The Miles Davis Quintet

The Legendary Prestige Quintet Sessions

Prestige Records PRCD4-4444-2

www.concordmusicgroup.com




Those were the days, back when there were so many peaks to scale, and many scales to peak in small combo jazz. Those were the days when a quintet could astound listeners by finding strong, brash harmony between two instruments instead of sixteen, when the front and back lines of the band blurred, and could blur in more, better equipped studios, when it took a couple of days to make a record that would last forever, and Miles Davis was, to those in the know, king of this strange new world. There were thoughts that could be thought best or more easily with his music playing in the background. It was cool. It still is.



This is a great collection of first or second take masterpieces, and it's mandatory for a jazz CD collection not only for the recordings, but for the liner notes. When you obtain a set like this, you experience a level of music criticism higher than that found in most full length artist biographies. The booklet accompanying this four-CD set is a gorgeous, highly insightful and instructive work. Again, a must for the serious jazz collector. And cool.





Walter Trout and Friends

Full Circle

Ruf Records RUF1117

www.rufrecords.de




After thirty five years in the music business, five years since his last studio record, blues-rock guitar legend Walter Trout here reflects on the sounds that influenced him and the sounds through which he influenced others. Lending hands here are John Mayall, Coco Montoya, Jeff Healey, Guitar Shorty, James Harman, Richie Hayward, Junior Watson and several other luminaries from American and British blues royalty. The tunes are, well, typical of British blues, as is true of any Mayall alumnus going back to those true blue roots.

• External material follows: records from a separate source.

lemma longest_element_simple_root_neg:
  assumes longest: "longest_element alpha w0"
  shows "- w0 (alpha i) \<in> Pos"
proof (rule ccontr)
  assume "- w0 (alpha i) \<notin> Pos"
  obtain xs where w0: "w0 = wprod alpha xs"
    using longest by (auto simp: longest_element_def weyl_def)
  have pos: "w0 (alpha i) \<in> Pos"
    using root_pos_or_neg[OF wprod_root[OF simple_root]] \<open>- w0 (alpha i) \<notin> Pos\<close> w0 by blast
  have w0_s: "w0 \<circ> refl (alpha i) \<in> weyl alpha"
    unfolding w0 weyl_def by (metis rangeI wprod_snoc)
  then obtain zs where zs: "length zs = wlength alpha (w0 \<circ> refl (alpha i))"
      "wprod alpha zs = w0 \<circ> refl (alpha i)"
    by (rule obtain_minimal_word)
  have "wprod alpha zs (alpha i) = - w0 (alpha i)"
    using zs(2) by (simp add: refl_self w0 wprod_minus)
  then have "wprod alpha zs (alpha i) \<notin> Pos"
    using pos not_pos_and_neg by simp
  from deletion_condition[OF this] obtain ys where ys: "length ys < length zs"
      "wprod alpha ys = w0 \<circ> refl (alpha i) \<circ> refl (alpha i)"
    using zs(2) by auto
  have "wprod alpha ys = w0"
    using ys(2) by (simp only: o_assoc[symmetric] refl_o_refl o_id)
  then have "wlength alpha w0 < wlength alpha (w0 \<circ> refl (alpha i))"
    using wlength_le[of alpha ys] ys(1) zs(1) by simp
  moreover have "wlength alpha (w0 \<circ> refl (alpha i)) \<le> wlength alpha w0"
    using longest w0_s by (simp add: longest_element_def)
  ultimately show False
    by simp
qed

lemma linear_pos_roots:
  assumes f: "linear f" and simple: "\<And>i. f (alpha i) \<in> Pos" and "b \<in> Pos" and "f b \<in> R"
  shows "f b \<in> Pos"
proof -
  obtain c where c: "b = (\<Sum>i\<in>UNIV. c i *\<^sub>R alpha i)" "\<forall>i. c i \<ge> 0"
    using \<open>b \<in> Pos\<close> by (auto simp: pos_roots_def)
  obtain d where d: "\<And>i. f (alpha i) = (\<Sum>j\<in>UNIV. d i j *\<^sub>R alpha j)" "\<And>i j. d i j \<ge> 0"
    using simple unfolding pos_roots_def by (simp add: Ball_def) metis
  have "f b = (\<Sum>i\<in>UNIV. \<Sum>j\<in>UNIV. (c i * d i j) *\<^sub>R alpha j)"
    unfolding c(1) linear_sum[OF f] o_def linear_scale[OF f] d(1) scaleR_sum_right scaleR_scaleR ..
  also have "\<dots> = (\<Sum>j\<in>UNIV. (\<Sum>i\<in>UNIV. c i * d i j) *\<^sub>R alpha j)"
    unfolding scaleR_sum_left by (rule sum.swap)
  finally show ?thesis
    using pos_rootI[OF \<open>f b \<in> R\<close>] c(2) d(2) by (simp add: sum_nonneg)
qed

The guitar work is stellar and precise, though the vocals are, after all these years, still failing to evoke the natural, easy passion of real blues. Oh well, that's a hallmark of British blues, and, though it sounds artificial, it's dead center of a real tradition, Other, better vocalists, including John Mayall himself, add more distinctive, real flavor to the record.

All in all, this is as good a British blues CD as you're likely to find this year. It is a fine, current anthology.